(* Let $\kappa>0$, $\beta>0$, $\lambda>0$ and $U\neq0$ be real. Suppose $(Q,P,X,Z)\in\mathbb{R}^4$ with $Q\neq0$ satisfies \begin{align*} P-\kappa Q+sP&=0,\\ Q+2\sqrt2\,\lambda X+sQ+\kappa P&=0,\\ X-2\sqrt2\,\frac{\lambda}{\beta}\,ZQ&=0,\\ X^2+Z^2&=\tfrac14, \end{align*} where $s:=\frac U2(Q^2+P^2)$. Then $s\neq-1$, $$P=\frac{\kappa}{1+s}Q,\qquad X=\frac{2\sqrt2\,\lambda Q}{\beta}Z,\qquad Z=-\frac{\beta}{8\lambda^2}\,\frac{(s+1)^2+\kappa^2}{s+1},$$ $$Q^2=\frac{2s(s+1)^2}{U\big[(s+1)^2+\kappa^2\big]},\qquad P^2=\frac{2s\kappa^2}{U\big[(s+1)^2+\kappa^2\big]},$$ and $s$ is a root of $$f(s)=\big((s+1)^2+\kappa^2\big)\Big[\frac1U\,s(s+1)^2+\frac{\beta^2}{16\lambda^2}\big((s+1)^2+\kappa^2\big)\Big]-\lambda^2(s+1)^2 .$$
   Context: These are the steady-state mean-field equations (with $Y=0$) of the dissipative quantum Rabi model with Kerr nonlinearity, written in normalized units: $\kappa$ and $\lambda$ stand for $\kappa/\omega_c$ and $\lambda/\omega_c$, $\beta=\omega_a/\omega_c$, $U=2KN/\omega_c$, and $s=U|\alpha|^2$ with $|\alpha|^2=(Q^2+P^2)/2$. Solutions with $Q\neq0$ are the superradiant steady states. *)

theory Defs
  imports Complex_Main
begin

end

theory Submission
  imports Defs
begin

text \<open>Writing \<open>t = s + 1\<close>, the first equation reads \<open>t P = \<kappa> Q\<close>, so \<open>t \<noteq> 0\<close> and \<open>P\<close> is
  proportional to \<open>Q\<close>; the third equation makes \<open>X\<close> proportional to \<open>Q Z\<close>. Substituting both
  into the second equation and cancelling \<open>Q \<noteq> 0\<close> determines \<open>Z\<close>, and the definition of \<open>s\<close>
  determines \<open>Q\<^sup>2\<close> and \<open>P\<^sup>2\<close>. The Bloch-sphere constraint \<open>X\<^sup>2 + Z\<^sup>2 = 1/4\<close> then becomes a
  polynomial equation in \<open>s\<close> alone.\<close>

lemma quadratures_sq_of_proportional:
  fixes U s t k Q P :: real
  assumes "t \<noteq> 0" and "U \<noteq> 0"
    and P: "P = k / t * Q" and s: "s = U / 2 * (Q^2 + P^2)"
  shows "Q^2 = 2 * s * t^2 / (U * (t^2 + k^2))"
    and "P^2 = 2 * s * k^2 / (U * (t^2 + k^2))"
proof -
  have UA: "U * (t^2 + k^2) \<noteq> 0"
    using \<open>t \<noteq> 0\<close> \<open>U \<noteq> 0\<close> by (simp add: add_pos_nonneg)
  have "2 * s * t^2 = Q^2 * (U * (t^2 + k^2))"
    using s P \<open>t \<noteq> 0\<close> by (simp add: field_simps power2_eq_square)
  then show Q2: "Q^2 = 2 * s * t^2 / (U * (t^2 + k^2))"
    using UA by (simp add: eq_divide_eq)
  have "P^2 = k^2 / t^2 * Q^2"
    using P by (simp add: power_mult_distrib power_divide)
  then show "P^2 = 2 * s * k^2 / (U * (t^2 + k^2))"
    using Q2 \<open>t \<noteq> 0\<close> by simp
qed

lemma spin_Z_of_cavity_balance:
  fixes t kap bet lam Q P X Z :: real
  assumes "t \<noteq> 0" and "Q \<noteq> 0" and "bet \<noteq> 0" and "lam \<noteq> 0"
    and balance: "t * Q + kap * P + 2 * sqrt 2 * lam * X = 0"
    and P: "P = kap / t * Q" and X: "X = 2 * sqrt 2 * lam * Q / bet * Z"
  shows "Z = - (bet / (8 * lam^2)) * ((t^2 + kap^2) / t)"
proof -
  have "Q * ((t^2 + kap^2) / t + 8 * lam^2 / bet * Z) = 0"
    using balance \<open>t \<noteq> 0\<close> \<open>bet \<noteq> 0\<close>
    unfolding P X by (simp add: field_simps power2_eq_square)
  then have "(t^2 + kap^2) / t + 8 * lam^2 / bet * Z = 0"
    using \<open>Q \<noteq> 0\<close> by simp
  then show ?thesis
    using \<open>t \<noteq> 0\<close> \<open>bet \<noteq> 0\<close> \<open>lam \<noteq> 0\<close> by (simp add: field_simps)
qed

lemma Bloch_constraint_polynomial:
  fixes t kap bet lam U s Q X Z :: real
  assumes "t \<noteq> 0" and "bet \<noteq> 0" and "lam \<noteq> 0" and "U \<noteq> 0"
    and Q: "Q^2 = 2 * s * t^2 / (U * (t^2 + kap^2))"
    and X: "X = 2 * sqrt 2 * lam * Q / bet * Z"
    and Z: "Z = - (bet / (8 * lam^2)) * ((t^2 + kap^2) / t)"
    and Bloch: "X^2 + Z^2 = 1/4"
  shows "(t^2 + kap^2) * (1 / U * s * t^2 + bet^2 / (16 * lam^2) * (t^2 + kap^2))
    - lam^2 * t^2 = 0"
proof -
  define A where "A = t^2 + kap^2"
  have "A > 0"
    unfolding A_def using \<open>t \<noteq> 0\<close> by (simp add: add_pos_nonneg)
  have Z2: "Z^2 = bet^2 * A^2 / (64 * lam^4 * t^2)"
    using Z unfolding A_def by (simp add: field_simps power2_eq_square power4_eq_xxxx)
  have "X^2 = 8 * lam^2 / bet^2 * Q^2 * Z^2"
    using X by (simp add: power_mult_distrib power_divide)
  also have "\<dots> = s * A / (4 * U * lam^2)"
    using \<open>A > 0\<close> \<open>t \<noteq> 0\<close> \<open>bet \<noteq> 0\<close> \<open>lam \<noteq> 0\<close> \<open>U \<noteq> 0\<close>
    unfolding Z2 Q A_def[symmetric] by (simp add: field_simps power2_eq_square power4_eq_xxxx)
  finally have "s * A / (4 * U * lam^2) + bet^2 * A^2 / (64 * lam^4 * t^2) = 1/4"
    using Bloch Z2 by simp
  then have "(s * A / (4 * U * lam^2) + bet^2 * A^2 / (64 * lam^4 * t^2)) * (4 * lam^2 * t^2)
      = lam^2 * t^2"
    by simp
  moreover have "(s * A / (4 * U * lam^2) + bet^2 * A^2 / (64 * lam^4 * t^2)) * (4 * lam^2 * t^2)
      = A * (1 / U * s * t^2 + bet^2 / (16 * lam^2) * A)"
    using \<open>t \<noteq> 0\<close> \<open>lam \<noteq> 0\<close> \<open>U \<noteq> 0\<close> by (simp add: field_simps power2_eq_square power4_eq_xxxx)
  ultimately show ?thesis
    unfolding A_def by simp
qed

theorem mainTheorem3:
  fixes kap bet lam U Q P X Z s :: real
  assumes "kap > 0" and "bet > 0" and "lam > 0" and "U \<noteq> 0"
    and "Q \<noteq> 0"
    and s_def: "s = U / 2 * (Q^2 + P^2)"
    and e1: "P - kap * Q + s * P = 0"
    and e2: "Q + 2 * sqrt 2 * lam * X + s * Q + kap * P = 0"
    and e3: "X - 2 * sqrt 2 * (lam / bet) * Z * Q = 0"
    and e4: "X^2 + Z^2 = 1/4"
  shows "s \<noteq> -1
    \<and> P = kap / (1 + s) * Q
    \<and> X = 2 * sqrt 2 * lam * Q / bet * Z
    \<and> Z = - (bet / (8 * lam^2)) * (((s + 1)^2 + kap^2) / (s + 1))
    \<and> Q^2 = 2 * s * (s + 1)^2 / (U * ((s + 1)^2 + kap^2))
    \<and> P^2 = 2 * s * kap^2 / (U * ((s + 1)^2 + kap^2))
    \<and> ((s + 1)^2 + kap^2) * (1 / U * s * (s + 1)^2
        + bet^2 / (16 * lam^2) * ((s + 1)^2 + kap^2)) - lam^2 * (s + 1)^2 = 0"
proof -
  define t where "t = s + 1"
  have tP: "t * P = kap * Q"
    using e1 unfolding t_def by (simp add: algebra_simps)
  then have "t \<noteq> 0"
    using \<open>kap > 0\<close> \<open>Q \<noteq> 0\<close> by auto
  have P: "P = kap / t * Q"
    using tP \<open>t \<noteq> 0\<close> by (simp add: field_simps)
  have X: "X = 2 * sqrt 2 * lam * Q / bet * Z"
    using e3 by (simp add: field_simps)
  have "t * Q + kap * P + 2 * sqrt 2 * lam * X = 0"
    using e2 unfolding t_def by (simp add: algebra_simps)
  then have Z: "Z = - (bet / (8 * lam^2)) * ((t^2 + kap^2) / t)"
    using spin_Z_of_cavity_balance \<open>t \<noteq> 0\<close> \<open>Q \<noteq> 0\<close> \<open>bet > 0\<close> \<open>lam > 0\<close> P X by simp
  note Q2 = quadratures_sq_of_proportional[OF \<open>t \<noteq> 0\<close> \<open>U \<noteq> 0\<close> P s_def]
  have "(t^2 + kap^2) * (1 / U * s * t^2 + bet^2 / (16 * lam^2) * (t^2 + kap^2)) - lam^2 * t^2 = 0"
    using Bloch_constraint_polynomial[OF \<open>t \<noteq> 0\<close> _ _ \<open>U \<noteq> 0\<close> Q2(1) X Z e4] \<open>bet > 0\<close> \<open>lam > 0\<close>
    by simp
  with \<open>t \<noteq> 0\<close> P X Z Q2 show ?thesis
    unfolding t_def by (simp add: add.commute)
qed

end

════════

◆ **WHAT THE TASK ASKS**
Starting at the line where "ultimately show ?thesis" appears, write out every line exactly as it stands until the listing ends, and add nothing.

◆ **PROBLEM SOLUTION**
  ultimately show ?thesis
    unfolding A_def by simp
qed

theorem mainTheorem3:
  fixes kap bet lam U Q P X Z s :: real
  assumes "kap > 0" and "bet > 0" and "lam > 0" and "U \<noteq> 0"
    and "Q \<noteq> 0"
    and s_def: "s = U / 2 * (Q^2 + P^2)"
    and e1: "P - kap * Q + s * P = 0"
    and e2: "Q + 2 * sqrt 2 * lam * X + s * Q + kap * P = 0"
    and e3: "X - 2 * sqrt 2 * (lam / bet) * Z * Q = 0"
    and e4: "X^2 + Z^2 = 1/4"
  shows "s \<noteq> -1
    \<and> P = kap / (1 + s) * Q
    \<and> X = 2 * sqrt 2 * lam * Q / bet * Z
    \<and> Z = - (bet / (8 * lam^2)) * (((s + 1)^2 + kap^2) / (s + 1))
    \<and> Q^2 = 2 * s * (s + 1)^2 / (U * ((s + 1)^2 + kap^2))
    \<and> P^2 = 2 * s * kap^2 / (U * ((s + 1)^2 + kap^2))
    \<and> ((s + 1)^2 + kap^2) * (1 / U * s * (s + 1)^2
        + bet^2 / (16 * lam^2) * ((s + 1)^2 + kap^2)) - lam^2 * (s + 1)^2 = 0"
proof -
  define t where "t = s + 1"
  have tP: "t * P = kap * Q"
    using e1 unfolding t_def by (simp add: algebra_simps)
  then have "t \<noteq> 0"
    using \<open>kap > 0\<close> \<open>Q \<noteq> 0\<close> by auto
  have P: "P = kap / t * Q"
    using tP \<open>t \<noteq> 0\<close> by (simp add: field_simps)
  have X: "X = 2 * sqrt 2 * lam * Q / bet * Z"
    using e3 by (simp add: field_simps)
  have "t * Q + kap * P + 2 * sqrt 2 * lam * X = 0"
    using e2 unfolding t_def by (simp add: algebra_simps)
  then have Z: "Z = - (bet / (8 * lam^2)) * ((t^2 + kap^2) / t)"
    using spin_Z_of_cavity_balance \<open>t \<noteq> 0\<close> \<open>Q \<noteq> 0\<close> \<open>bet > 0\<close> \<open>lam > 0\<close> P X by simp
  note Q2 = quadratures_sq_of_proportional[OF \<open>t \<noteq> 0\<close> \<open>U \<noteq> 0\<close> P s_def]
  have "(t^2 + kap^2) * (1 / U * s * t^2 + bet^2 / (16 * lam^2) * (t^2 + kap^2)) - lam^2 * t^2 = 0"
    using Bloch_constraint_polynomial[OF \<open>t \<noteq> 0\<close> _ _ \<open>U \<noteq> 0\<close> Q2(1) X Z e4] \<open>bet > 0\<close> \<open>lam > 0\<close>
    by simp
  with \<open>t \<noteq> 0\<close> P X Z Q2 show ?thesis
    unfolding t_def by (simp add: add.commute)
qed

end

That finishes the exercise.